lemma comb_op_replicate_update_Inl:
  "comb_op n t1 t2 ((replicate n (Inl a))[i := Inl b]) = Inl (t1 ((replicate n a)[i := b]))"
proof -
  have "(replicate n (Inl a))[i := Inl b] = map Inl ((replicate n a)[i := b])"
    by (simp add: map_update)
  then show ?thesis using comb_op_map_Inl by metis
qed

lemma comb_op_replicate_update_Inr:
  assumes "n \<noteq> 0"
  shows "comb_op n t1 t2 ((replicate n (Inr a))[i := Inr b]) = Inr (t2 ((replicate n a)[i := b]))"
proof -
  have "(replicate n (Inr a))[i := Inr b] = map Inr ((replicate n a)[i := b])"
    by (simp add: map_update)
  moreover have "(replicate n a)[i := b] \<noteq> []" using assms by simp
  ultimately show ?thesis using comb_op_map_Inr by metis
qed

lemma comb_op_idempotent:
  assumes w1: "weak_nu_polymorphism V1 E1 Us1 n t1" and w2: "weak_nu_polymorphism V2 E2 Us2 n t2"
    and "x \<in> dunion_V V1 V2"
  shows "comb_op n t1 t2 (replicate n x) = x"
proof (cases x)
  case (Inl a)
  then have "a \<in> V1" using assms(3) by (auto simp: dunion_V_def)
  have "comb_op n t1 t2 (replicate n x) = comb_op n t1 t2 (map Inl (replicate n a))"
    using Inl by simp
  also have "\<dots> = Inl (t1 (replicate n a))" by (rule comb_op_map_Inl)
  also have "\<dots> = x"
    using w1 Inl \<open>a \<in> V1\<close> by (simp add: weak_nu_polymorphism_def)
  finally show ?thesis .
next
  case (Inr b)
  then have "b \<in> V2" using assms(3) by (auto simp: dunion_V_def)
  have "replicate n b \<noteq> []" using w2 by (simp add: weak_nu_polymorphism_def)
  have "comb_op n t1 t2 (replicate n x) = comb_op n t1 t2 (map Inr (replicate n b))"
    using Inr by simp
  also have "\<dots> = Inr (t2 (replicate n b))" by (rule comb_op_map_Inr) fact
  also have "\<dots> = x"
    using w2 Inr \<open>b \<in> V2\<close> by (simp add: weak_nu_polymorphism_def)
  finally show ?thesis .
qed

lemma comb_op_near_unanimous_mixed:
  assumes "isl x \<noteq> isl y" "1 < n" "i < n"
  shows "comb_op n t1 t2 ((replicate n x)[i := y]) = (if isl x then x else y)"
proof -
  let ?xs = "(replicate n x)[i := y]"
  obtain j where "j < n" "j \<noteq> i"
    using assms(2,3) by (metis less_trans nat_neq_iff zero_less_one)
  then have x: "x \<in> set ?xs"
    by (metis length_list_update length_replicate nth_list_update_neq nth_mem nth_replicate)
  have y: "y \<in> set ?xs" using assms(3) by (simp add: set_update_memI)
  have "\<exists>z\<in>set ?xs. isl z" "\<exists>z\<in>set ?xs. \<not> isl z"
    using x y assms(1) by metis+
  then have "comb_op n t1 t2 ?xs \<in> set ?xs" "isl (comb_op n t1 t2 ?xs)"
    using comb_op_mixed_in_set[of ?xs n] by simp_all
  moreover have "set ?xs \<subseteq> {x, y}"
    using set_update_subset_insert[of "replicate n x" i y] by auto
  ultimately show ?thesis using assms(1) by auto
qed

lemma comb_op_near_unanimous:
  assumes w1: "weak_nu_polymorphism V1 E1 Us1 n t1" and w2: "weak_nu_polymorphism V2 E2 Us2 n t2"
    and "x \<in> dunion_V V1 V2" "y \<in> dunion_V V1 V2" "i < n" "j < n"
  shows "comb_op n t1 t2 ((replicate n x)[i := y]) = comb_op n t1 t2 ((replicate n x)[j := y])"
proof -
  have "1 < n" using w1 by (simp add: weak_nu_polymorphism_def)
  consider (Left) a b where "x = Inl a" "y = Inl b" "a \<in> V1" "b \<in> V1"
    | (Right) a b where "x = Inr a" "y = Inr b" "a \<in> V2" "b \<in> V2"
    | (Mixed) "isl x \<noteq> isl y"
    using assms(3,4) by (auto simp: dunion_V_def)
  then show ?thesis
  proof cases
    case Left
    with w1 assms(5,6) have "t1 ((replicate n a)[i := b]) = t1 ((replicate n a)[j := b])"
      unfolding weak_nu_polymorphism_def by blast
    then show ?thesis using Left by (simp only: comb_op_replicate_update_Inl)
  next
    case Right
    with w2 assms(5,6) have "t2 ((replicate n a)[i := b]) = t2 ((replicate n a)[j := b])"
      unfolding weak_nu_polymorphism_def by blast
    moreover have "n \<noteq> 0" using \<open>1 < n\<close> by simp
    ultimately show ?thesis using Right comb_op_replicate_update_Inr by metis
  next
    case Mixed
    then show ?thesis
      using comb_op_near_unanimous_mixed[OF Mixed \<open>1 < n\<close>] assms(5,6) by simp
  qed
qed

lemma comb_op_weak_nu_polymorphism:
  assumes w1: "weak_nu_polymorphism V1 E1 Us1 n t1" and w2: "weak_nu_polymorphism V2 E2 Us2 n t2"
    and Us: "Us \<subseteq> {Inl ` V1, Inr ` V2}"
  shows "weak_nu_polymorphism (dunion_V V1 V2) (dunion_E E1 E2) Us n (comb_op n t1 t2)"
proof -
  have n: "n > 1" and p1: "polymorphism V1 E1 Us1 n t1" and p2: "polymorphism V2 E2 Us2 n t2"
    using w1 w2 by (auto simp: weak_nu_polymorphism_def)
  have "polymorphism (dunion_V V1 V2) (dunion_E E1 E2) Us n (comb_op n t1 t2)"
    unfolding polymorphism_def
    using comb_op_closed[OF p1 p2] comb_op_preserves_edges[OF p1 p2]
      comb_op_preserves_components[OF p1 p2] n Us by auto
  then show ?thesis
    unfolding weak_nu_polymorphism_def
    using n comb_op_idempotent[OF w1 w2] comb_op_near_unanimous[OF w1 w2] by blast
qed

- [TASK REQUIREMENTS]:
Give back every entry, word for word.

- [SOLUTION BELOW]:
lemma comb_op_replicate_update_Inl:
  "comb_op n t1 t2 ((replicate n (Inl a))[i := Inl b]) = Inl (t1 ((replicate n a)[i := b]))"
proof -
  have "(replicate n (Inl a))[i := Inl b] = map Inl ((replicate n a)[i := b])"
    by (simp add: map_update)
  then show ?thesis using comb_op_map_Inl by metis
qed

lemma comb_op_replicate_update_Inr:
  assumes "n \<noteq> 0"
  shows "comb_op n t1 t2 ((replicate n (Inr a))[i := Inr b]) = Inr (t2 ((replicate n a)[i := b]))"
proof -
  have "(replicate n (Inr a))[i := Inr b] = map Inr ((replicate n a)[i := b])"
    by (simp add: map_update)
  moreover have "(replicate n a)[i := b] \<noteq> []" using assms by simp
  ultimately show ?thesis using comb_op_map_Inr by metis
qed

lemma comb_op_idempotent:
  assumes w1: "weak_nu_polymorphism V1 E1 Us1 n t1" and w2: "weak_nu_polymorphism V2 E2 Us2 n t2"
    and "x \<in> dunion_V V1 V2"
  shows "comb_op n t1 t2 (replicate n x) = x"
proof (cases x)
  case (Inl a)
  then have "a \<in> V1" using assms(3) by (auto simp: dunion_V_def)
  have "comb_op n t1 t2 (replicate n x) = comb_op n t1 t2 (map Inl (replicate n a))"
    using Inl by simp
  also have "\<dots> = Inl (t1 (replicate n a))" by (rule comb_op_map_Inl)
  also have "\<dots> = x"
    using w1 Inl \<open>a \<in> V1\<close> by (simp add: weak_nu_polymorphism_def)
  finally show ?thesis .
next
  case (Inr b)
  then have "b \<in> V2" using assms(3) by (auto simp: dunion_V_def)
  have "replicate n b \<noteq> []" using w2 by (simp add: weak_nu_polymorphism_def)
  have "comb_op n t1 t2 (replicate n x) = comb_op n t1 t2 (map Inr (replicate n b))"
    using Inr by simp
  also have "\<dots> = Inr (t2 (replicate n b))" by (rule comb_op_map_Inr) fact
  also have "\<dots> = x"
    using w2 Inr \<open>b \<in> V2\<close> by (simp add: weak_nu_polymorphism_def)
  finally show ?thesis .
qed

lemma comb_op_near_unanimous_mixed:
  assumes "isl x \<noteq> isl y" "1 < n" "i < n"
  shows "comb_op n t1 t2 ((replicate n x)[i := y]) = (if isl x then x else y)"
proof -
  let ?xs = "(replicate n x)[i := y]"
  obtain j where "j < n" "j \<noteq> i"
    using assms(2,3) by (metis less_trans nat_neq_iff zero_less_one)
  then have x: "x \<in> set ?xs"
    by (metis length_list_update length_replicate nth_list_update_neq nth_mem nth_replicate)
  have y: "y \<in> set ?xs" using assms(3) by (simp add: set_update_memI)
  have "\<exists>z\<in>set ?xs. isl z" "\<exists>z\<in>set ?xs. \<not> isl z"
    using x y assms(1) by metis+
  then have "comb_op n t1 t2 ?xs \<in> set ?xs" "isl (comb_op n t1 t2 ?xs)"
    using comb_op_mixed_in_set[of ?xs n] by simp_all
  moreover have "set ?xs \<subseteq> {x, y}"
    using set_update_subset_insert[of "replicate n x" i y] by auto
  ultimately show ?thesis using assms(1) by auto
qed

lemma comb_op_near_unanimous:
  assumes w1: "weak_nu_polymorphism V1 E1 Us1 n t1" and w2: "weak_nu_polymorphism V2 E2 Us2 n t2"
    and "x \<in> dunion_V V1 V2" "y \<in> dunion_V V1 V2" "i < n" "j < n"
  shows "comb_op n t1 t2 ((replicate n x)[i := y]) = comb_op n t1 t2 ((replicate n x)[j := y])"
proof -
  have "1 < n" using w1 by (simp add: weak_nu_polymorphism_def)
  consider (Left) a b where "x = Inl a" "y = Inl b" "a \<in> V1" "b \<in> V1"
    | (Right) a b where "x = Inr a" "y = Inr b" "a \<in> V2" "b \<in> V2"
    | (Mixed) "isl x \<noteq> isl y"
    using assms(3,4) by (auto simp: dunion_V_def)
  then show ?thesis
  proof cases
    case Left
    with w1 assms(5,6) have "t1 ((replicate n a)[i := b]) = t1 ((replicate n a)[j := b])"
      unfolding weak_nu_polymorphism_def by blast
    then show ?thesis using Left by (simp only: comb_op_replicate_update_Inl)
  next
    case Right
    with w2 assms(5,6) have "t2 ((replicate n a)[i := b]) = t2 ((replicate n a)[j := b])"
      unfolding weak_nu_polymorphism_def by blast
    moreover have "n \<noteq> 0" using \<open>1 < n\<close> by simp
    ultimately show ?thesis using Right comb_op_replicate_update_Inr by metis
  next
    case Mixed
    then show ?thesis
      using comb_op_near_unanimous_mixed[OF Mixed \<open>1 < n\<close>] assms(5,6) by simp
  qed
qed

lemma comb_op_weak_nu_polymorphism:
  assumes w1: "weak_nu_polymorphism V1 E1 Us1 n t1" and w2: "weak_nu_polymorphism V2 E2 Us2 n t2"
    and Us: "Us \<subseteq> {Inl ` V1, Inr ` V2}"
  shows "weak_nu_polymorphism (dunion_V V1 V2) (dunion_E E1 E2) Us n (comb_op n t1 t2)"
proof -
  have n: "n > 1" and p1: "polymorphism V1 E1 Us1 n t1" and p2: "polymorphism V2 E2 Us2 n t2"
    using w1 w2 by (auto simp: weak_nu_polymorphism_def)
  have "polymorphism (dunion_V V1 V2) (dunion_E E1 E2) Us n (comb_op n t1 t2)"
    unfolding polymorphism_def
    using comb_op_closed[OF p1 p2] comb_op_preserves_edges[OF p1 p2]
      comb_op_preserves_components[OF p1 p2] n Us by auto
  then show ?thesis
    unfolding weak_nu_polymorphism_def
    using n comb_op_idempotent[OF w1 w2] comb_op_near_unanimous[OF w1 w2] by blast
qed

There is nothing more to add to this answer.